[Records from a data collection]
lemma vcomp_upto_eq:
  "(\<forall>j<K. has_idx (p j)) \<Longrightarrow> vcomp_upto p K =
     (case p K of ExS \<Rightarrow> ExS | AllS \<Rightarrow> AllS
      | _ \<Rightarrow> if \<forall>j\<le>K. \<not> is_wt (p j) then Idx (idx (p K)) else Wt (\<Sum>j\<le>K. wt (p j)) (idx (p K)))"
proof (induction K arbitrary: p)
  case 0
  then show ?case by (cases "p 0") auto
next
  case (Suc K)
  have IH: "vcomp_upto (\<lambda>j. p (Suc j)) K =
     (case p (Suc K) of ExS \<Rightarrow> ExS | AllS \<Rightarrow> AllS
      | _ \<Rightarrow> if \<forall>j\<le>K. \<not> is_wt (p (Suc j)) then Idx (idx (p (Suc K)))
            else Wt (\<Sum>j\<le>K. wt (p (Suc j))) (idx (p (Suc K))))"
    using Suc by simp
  have unweighted: "(\<forall>j\<le>Suc K. \<not> is_wt (p j)) \<longleftrightarrow> \<not> is_wt (p 0) \<and> (\<forall>j\<le>K. \<not> is_wt (p (Suc j)))"
    unfolding less_Suc_eq_le[symmetric] by (rule All_less_Suc2)
  have sum: "(\<Sum>j\<le>Suc K. wt (p j)) = wt (p 0) + (\<Sum>j\<le>K. wt (p (Suc j)))"
    by (rule sum.atMost_Suc_shift)
  have "has_idx (p 0)" using Suc.prems by auto
  then show ?case unfolding vcomp_upto.simps IH unweighted sum
    by (cases "p 0"; cases "p (Suc K)") (auto simp: sum_wt_unweighted)
qed

lemma vcomp_upto_has_idx:
  assumes "\<forall>j<K. has_idx (p j)" and "has_idx (p K)"
  shows "idx (vcomp_upto p K) = idx (p K)" "wt (vcomp_upto p K) = (\<Sum>j\<le>K. wt (p j))"
  using assms(2) unfolding vcomp_upto_eq[OF assms(1)]
  by (cases "p K"; simp add: sum_wt_unweighted)+

lemma vcomp_upto_has_idx_iff: "\<forall>j<K. has_idx (p j) \<Longrightarrow> has_idx (vcomp_upto p K) \<longleftrightarrow> has_idx (p K)"
  by (cases "p K") (simp_all add: vcomp_upto_eq)

lemma walk_end_if_exits:
  assumes e: "exits l f (f (l+i))"
  shows "walk_finite l f i" "walk_end l f i = Suc (exit_time l f (f (l+i)))"
proof -
  let ?p = "orbit f (f (l+i))" and ?v = "walk l f i" and ?K = "exit_time l f (f (l+i))"
  have v: "?v (Suc j) = ?p j" if "j \<le> ?K" for j
    using walk_eq_orbit cont_before_exit_time that by (metis order.strict_trans2)
  have exit: "\<not> cont l (?v (Suc ?K))" using v not_cont_exit_time[OF e] by simp
  then show "walk_finite l f i" unfolding walk_finite_def by (intro exI[of _ "Suc ?K"]) simp
  show "walk_end l f i = Suc ?K" unfolding walk_end_def
  proof (rule Least_equality)
    fix K assume K: "1 \<le> K \<and> \<not> cont l (?v K)"
    show "Suc ?K \<le> K"
    proof (rule ccontr)
      assume "\<not> Suc ?K \<le> K"
      then obtain j where "K = Suc j" "j < ?K" using K by (cases K) auto
      thus False using K v[of j] cont_before_exit_time by simp
    qed
  qed (use exit in simp)
qed

lemma case_Wt_inT: "inT n x \<Longrightarrow> (case x of Wt r k \<Rightarrow> if k \<in> {1..n} then r else 0 | _ \<Rightarrow> 0) = wt x"
  by (cases x) auto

Work task
If the word "then" is on a line above, return that line.

Your solution
      | _ \<Rightarrow> if \<forall>j\<le>K. \<not> is_wt (p j) then Idx (idx (p K)) else Wt (\<Sum>j\<le>K. wt (p j)) (idx (p K)))"
  then show ?case by (cases "p 0") auto
      | _ \<Rightarrow> if \<forall>j\<le>K. \<not> is_wt (p (Suc j)) then Idx (idx (p (Suc K)))
  then show ?case unfolding vcomp_upto.simps IH unweighted sum
  then show "walk_finite l f i" unfolding walk_finite_def by (intro exI[of _ "Suc ?K"]) simp
      then obtain j where "K = Suc j" "j < ?K" using K by (cases K) auto
lemma case_Wt_inT: "inT n x \<Longrightarrow> (case x of Wt r k \<Rightarrow> if k \<in> {1..n} then r else 0 | _ \<Rightarrow> 0) = wt x"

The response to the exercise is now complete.